## AIM OF THE TASK
Repeat the lines from the line with "using integral_ord_stat_second_diff[OF m(1,2)]" to the line with "unfolding T_def using that by (simp add: Suc_diff_le" in the listing below, keeping both end lines and adding nothing.

## AVAILABLE DATA
<<<<

lemma pZ_mat_mult_of_padic_factorizations:
  assumes p: "prime p" and c1: "c1 \<in> SO_Zp p d" and \<gamma>1: "\<gamma>1 \<in> carrier_mat d d"
    and h: "\<And>n. h n \<in> carrier_mat d d"
    and G: "G \<in> carrier_mat d d" "det G \<noteq> 0" "pZ_mat p 0 G"
    and c2: "\<And>n. c2 n \<in> carrier_mat d d" "eventually (\<lambda>n. pZ_mat p 0 (c2 n)) sequentially"
    and \<gamma>2: "\<gamma>2 \<in> carrier_mat d d" "det \<gamma>2 \<noteq> 0"
    and E1: "padic_mat_eq p d h (\<lambda>n. c1 n * \<gamma>1)"
    and E2: "padic_mat_eq p d (\<lambda>n. mat_inv d G * h n * G) (\<lambda>n. c2 n * mat_inv d \<gamma>2)"
  shows "pZ_mat p 0 (\<gamma>1 * G * \<gamma>2)"
  unfolding pZ_mat_iff_cols
proof (intro allI impI)
  fix j assume "j < dim_col (\<gamma>1 * G * \<gamma>2)"
  then have j: "j < d" using \<gamma>2 by simp
  have "eventually (\<lambda>n. pZ_vec p 0 (G *\<^sub>v col (c2 n) j)) sequentially"
    using c2(2)
  proof eventually_elim
    case (elim n)
    then have col_int: "pZ_vec p 0 (col (c2 n) j)" using c2(1)[of n] j by (simp add: pZ_mat_iff_cols)
    show ?case using pZ_vec_mult_mat_vec[OF p G(3) col_int] G(1) c2(1)[of n] by simp
  qed
  then show "pZ_vec p 0 (col (\<gamma>1 * G * \<gamma>2) j)"
    using pZ_vec_if_SO_Zp_mult_vec_eq[OF p c1 col_carrier_vec[OF j mult_carrier_mat[OF mult_carrier_mat[OF \<gamma>1 G(1)] \<gamma>2(1)]]
        mult_mat_vec_carrier[OF G(1) col_carrier_vec[OF j c2(1)]]
        padic_vec_eq_col_of_padic_factorizations[OF p SO_ZpD(1)[OF c1] \<gamma>1 h G(1,2) c2(1) \<gamma>2 E1 E2 j]]
    by simp
qed

lemma first_cols_carrier [simp]: "A \<in> carrier_mat n m \<Longrightarrow> first_cols A k \<in> carrier_mat n k"
  unfolding first_cols_def by simp

lemma dim_first_cols [simp]:
  "dim_row (first_cols A k) = dim_row A" "dim_col (first_cols A k) = k"
  unfolding first_cols_def by simp_all

lemma index_first_cols [simp]: "i < dim_row A \<Longrightarrow> j < k \<Longrightarrow> first_cols A k $$ (i,j) = A $$ (i,j)"
  unfolding first_cols_def by simp

lemma col_first_cols [simp]: "j < k \<Longrightarrow> col (first_cols A k) j = col A j"
  by (intro eq_vecI) (auto simp: col_def)

lemma first_cols_map_mat: "k \<le> dim_col A \<Longrightarrow> first_cols (map_mat f A) k = map_mat f (first_cols A k)"
  by (intro eq_matI) auto

lemma first_cols_mult_left:
  assumes "X \<in> carrier_mat n m" and "Y \<in> carrier_mat m m'" and "k \<le> m'"
  shows "first_cols (X * Y) k = X * first_cols Y k"
  using assms by (intro eq_matI) (auto simp: scalar_prod_def intro!: sum.cong)
lemma ord_stat_second_diff_reflect:
  assumes "1 \<le> k" "k \<le> n"
  shows "ord_stat_second_diff n (reflect n x) k = - ord_stat_second_diff n x (n - k + 1)"
  using assms ord_stat_reflect[of "k + 1" n x] ord_stat_reflect[of k n x] ord_stat_reflect[of "k - 1" n x]
  by (simp add: ord_stat_second_diff_def Suc_diff_le)

lemma influence_dual_fun:
  assumes f: "square_integrable_cube n f" and k: "1 \<le> k" "k \<le> n"
  shows "influence n (dual_fun n f) k = influence n f (n - k + 1)"
proof -
  define m where "m = n - k + 1"
  have m: "1 \<le> m" "m \<le> n" "n - m + 1 = k" using k by (auto simp: m_def)
  have [measurable]: "f \<in> borel_measurable (cube_measure n)"
    using f unfolding square_integrable_cube_def by simp
  define h where "h = (\<lambda>y. (f y - 1) * ord_stat_second_diff n y m)"
  have "dual_fun n f x * ord_stat_second_diff n x k = h (reflect n x)" for x
    using ord_stat_second_diff_reflect[OF m(1,2), of x] m(3)
    by (simp add: h_def dual_fun_eq_reflect algebra_simps)
  then have "(\<integral>x. dual_fun n f x * ord_stat_second_diff n x k \<partial>cube_measure n) =
             (\<integral>x. h (reflect n x) \<partial>cube_measure n)"
    by simp
  also have "\<dots> = (\<integral>x. h x \<partial>cube_measure n)"
    by (rule integral_reflect) (simp add: h_def)
  also have "\<dots> = (\<integral>x. f x * ord_stat_second_diff n x m \<partial>cube_measure n) -
                  (\<integral>x. ord_stat_second_diff n x m \<partial>cube_measure n)"
    unfolding h_def left_diff_distrib mult_1
    by (rule Bochner_Integration.integral_diff[OF integrable_mult_ord_stat_second_diff[OF f]
        integrable_ord_stat_second_diff])
  finally show ?thesis
    using integral_ord_stat_second_diff[OF m(1,2)] by (simp add: influence_eq_second_diff m_def)
qed

lemma influence_cong_AE:
  assumes "f \<in> borel_measurable (cube_measure n)" "g \<in> borel_measurable (cube_measure n)"
    and "AE x in cube_measure n. f x = g x"
  shows "influence n f k = influence n g k"
  unfolding influence_eq_second_diff using assms
  by (intro arg_cong[where f = "\<lambda>I. - (real n + 1) * (real n + 2) * I"] integral_cong_AE) auto

lemma measurable_dual_fun:
  "f \<in> borel_measurable (cube_measure n) \<Longrightarrow> dual_fun n f \<in> borel_measurable (cube_measure n)"
  unfolding dual_fun_eq_reflect[abs_def]
  by (intro borel_measurable_diff borel_measurable_const measurable_compose[OF measurable_reflect])
lemma q_chu_vandermonde:
  "(\<Sum>l\<le>N. chu_coeff N l * qpoch B q l * qpoch (C * q ^ l) q (N - l)) = (\<Prod>i<N. B - C * q ^ i)"
proof (induct N arbitrary: C)
  case (Suc N)
  define T where "T l = qpoch B q l * qpoch (C * q ^ l) q (Suc N - l)" for l
  have step: "inverse (q ^ l) * chu_coeff N l * T l - inverse (q ^ l) * chu_coeff N l * T (Suc l)
      = (B - C) * (chu_coeff N l * qpoch B q l * qpoch ((C * q) * q ^ l) q (N - l))" if "l \<le> N" for l
  proof -
    have T_l: "T l = qpoch B q l * (1 - C * q ^ l) * qpoch ((C * q) * q ^ l) q (N - l)"
      unfolding T_def using that by (simp add: Suc_diff_le qpoch_Suc_left mult_ac)
    have T_Suc: "T (Suc l) = qpoch B q l * (1 - B * q ^ l) * qpoch ((C * q) * q ^ l) q (N - l)"
      unfolding T_def using that by (simp add: qpoch_Suc mult_ac)
    show ?thesis
      unfolding T_l T_Suc using q_nonzero by (simp add: field_simps)
  qed
  have "(\<Sum>l\<le>Suc N. chu_coeff (Suc N) l * qpoch B q l * qpoch (C * q ^ l) q (Suc N - l))
      = T 0 + (\<Sum>l\<le>N. chu_coeff (Suc N) (Suc l) * T (Suc l))"
    unfolding sum.atMost_Suc_shift by (simp add: T_def mult.assoc)
  also have "\<dots> = (T 0 + (\<Sum>l\<le>N. inverse (q ^ Suc l) * chu_coeff N (Suc l) * T (Suc l)))
      - (\<Sum>l\<le>N. inverse (q ^ l) * chu_coeff N l * T (Suc l))"
    by (simp add: chu_coeff_Suc algebra_simps sum_subtractf)
  also have "T 0 + (\<Sum>l\<le>N. inverse (q ^ Suc l) * chu_coeff N (Suc l) * T (Suc l))
      = (\<Sum>l\<le>N. inverse (q ^ l) * chu_coeff N l * T l)"
    using sum.atMost_Suc_shift[of "\<lambda>l. inverse (q ^ l) * chu_coeff N l * T l" N]
    by (simp add: chu_coeff_top)
  also have "\<dots> - (\<Sum>l\<le>N. inverse (q ^ l) * chu_coeff N l * T (Suc l))
      = (B - C) * (\<Sum>l\<le>N. chu_coeff N l * qpoch B q l * qpoch ((C * q) * q ^ l) q (N - l))"
    unfolding sum_subtractf[symmetric] sum_distrib_left by (rule sum.cong) (simp_all add: step)
  also have "\<dots> = (\<Prod>i<Suc N. B - C * q ^ i)"
    unfolding Suc prod.lessThan_Suc_shift by (simp add: mult_ac)
  finally show ?case .
qed simp
(* Consider the family of single-server discrete-time queues described in the context, indexed by $\epsilon\in(0,\mu)$. Let $\bar q^{(\epsilon)}$ be a random variable distributed according to the stationary distribution of $\{q^{(\epsilon)}(t)\}_{t\ge0}$. Let $Z^{(\epsilon)}$ be an exponential random variable with rate $\frac{2}{(\sigma_a^{(\epsilon)})^2+\sigma_s^2}$, i.e. with mean $\frac{(\sigma_a^{(\epsilon)})^2+\sigma_s^2}{2}$. Then there exists a constant $K<\infty$, independent of $\epsilon$, such that for every $\epsilon\in(0,\mu)$, $$d_W\big(\epsilon\,\bar q^{(\epsilon)},\,Z^{(\epsilon)}\big)\le K\epsilon .$$
   Context: Wasserstein distance: for real-valued random variables $X,Y$, $d_W(X,Y)=\sup_{h\in \mathrm{Lip}(1)}|\mathbb E[h(X)]-\mathbb E[h(Y)]|$, where $\mathrm{Lip}(1)$ is the set of functions $h:\mathbb R\to\mathbb R$ with $|h(x)-h(y)|\le|x-y|$. Single-server queue: time is slotted. The queue length evolves as $q(t+1)=q(t)+a(t)-s(t)+u(t)$, where $u(t)=\max(s(t)-a(t)-q(t),0)$ is the unused service, and $q(0)$ is a nonnegative integer. The arrivals $\{a(t)\}_t$ are i.i.d. nonnegative integer-valued, the services $\{s(t)\}_t$ are i.i.d. nonnegative integer-valued, and the arrival and service sequences are independent of each other and of the past queue lengths. The service law is fixed with mean $\mu>0$ and variance $\sigma_s^2$. For each $\epsilon\in(0,\mu)$ the arrival law (denoted $a^{(\epsilon)}(t)$) has mean $\lambda^{(\epsilon)}=\mu-\epsilon$ and variance $(\sigma_a^{(\epsilon)})^2$. There are constants $A_{max},S_{max}<\infty$ independent of $\epsilon$ with $a^{(\epsilon)}(t)\le A_{max}$ and $s(t)\le S_{max}$ almost surely. There is a constant $c_0>0$ with $(\sigma_a^{(\epsilon)})^2+\sigma_s^2\ge c_0$ for all $\epsilon$. For each $\epsilon$ the Markov chain $\{q^{(\epsilon)}(t)\}$ is assumed to be positive recurrent with a stationary distribution. *)

theory Defs
  imports "HOL-Probability.Probability"
begin

text \<open>One step of the queue: q(t+1) = q(t) + a(t) - s(t) + u(t) with
  u(t) = max(s(t) - a(t) - q(t), 0), i.e. q(t+1) = max(q(t)+a(t)-s(t), 0),
  which is truncated subtraction on nat.\<close>
definition queue_step :: "nat pmf \<Rightarrow> nat pmf \<Rightarrow> nat \<Rightarrow> nat pmf" where
  "queue_step A S q = map_pmf (\<lambda>(x, y). q + x - y) (pair_pmf A S)"

definition stationary_queue :: "nat pmf \<Rightarrow> nat pmf \<Rightarrow> nat pmf \<Rightarrow> bool" where
  "stationary_queue A S p \<longleftrightarrow> bind_pmf p (queue_step A S) = p"

definition wasserstein :: "real measure \<Rightarrow> real measure \<Rightarrow> ereal" where
  "wasserstein M N = (SUP h \<in> {h :: real \<Rightarrow> real. \<forall>x y. \<bar>h x - h y\<bar> \<le> \<bar>x - y\<bar>}.
      ereal \<bar>(\<integral>x. h x \<partial>M) - (\<integral>x. h x \<partial>N)\<bar>)"

end

theory Submission
  imports Defs
begin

>>>>

## EXERCISE OUTPUT
    using integral_ord_stat_second_diff[OF m(1,2)] by (simp add: influence_eq_second_diff m_def)
qed

lemma influence_cong_AE:
  assumes "f \<in> borel_measurable (cube_measure n)" "g \<in> borel_measurable (cube_measure n)"
    and "AE x in cube_measure n. f x = g x"
  shows "influence n f k = influence n g k"
  unfolding influence_eq_second_diff using assms
  by (intro arg_cong[where f = "\<lambda>I. - (real n + 1) * (real n + 2) * I"] integral_cong_AE) auto

lemma measurable_dual_fun:
  "f \<in> borel_measurable (cube_measure n) \<Longrightarrow> dual_fun n f \<in> borel_measurable (cube_measure n)"
  unfolding dual_fun_eq_reflect[abs_def]
  by (intro borel_measurable_diff borel_measurable_const measurable_compose[OF measurable_reflect])
lemma q_chu_vandermonde:
  "(\<Sum>l\<le>N. chu_coeff N l * qpoch B q l * qpoch (C * q ^ l) q (N - l)) = (\<Prod>i<N. B - C * q ^ i)"
proof (induct N arbitrary: C)
  case (Suc N)
  define T where "T l = qpoch B q l * qpoch (C * q ^ l) q (Suc N - l)" for l
  have step: "inverse (q ^ l) * chu_coeff N l * T l - inverse (q ^ l) * chu_coeff N l * T (Suc l)
      = (B - C) * (chu_coeff N l * qpoch B q l * qpoch ((C * q) * q ^ l) q (N - l))" if "l \<le> N" for l
  proof -
    have T_l: "T l = qpoch B q l * (1 - C * q ^ l) * qpoch ((C * q) * q ^ l) q (N - l)"
      unfolding T_def using that by (simp add: Suc_diff_le qpoch_Suc_left mult_ac)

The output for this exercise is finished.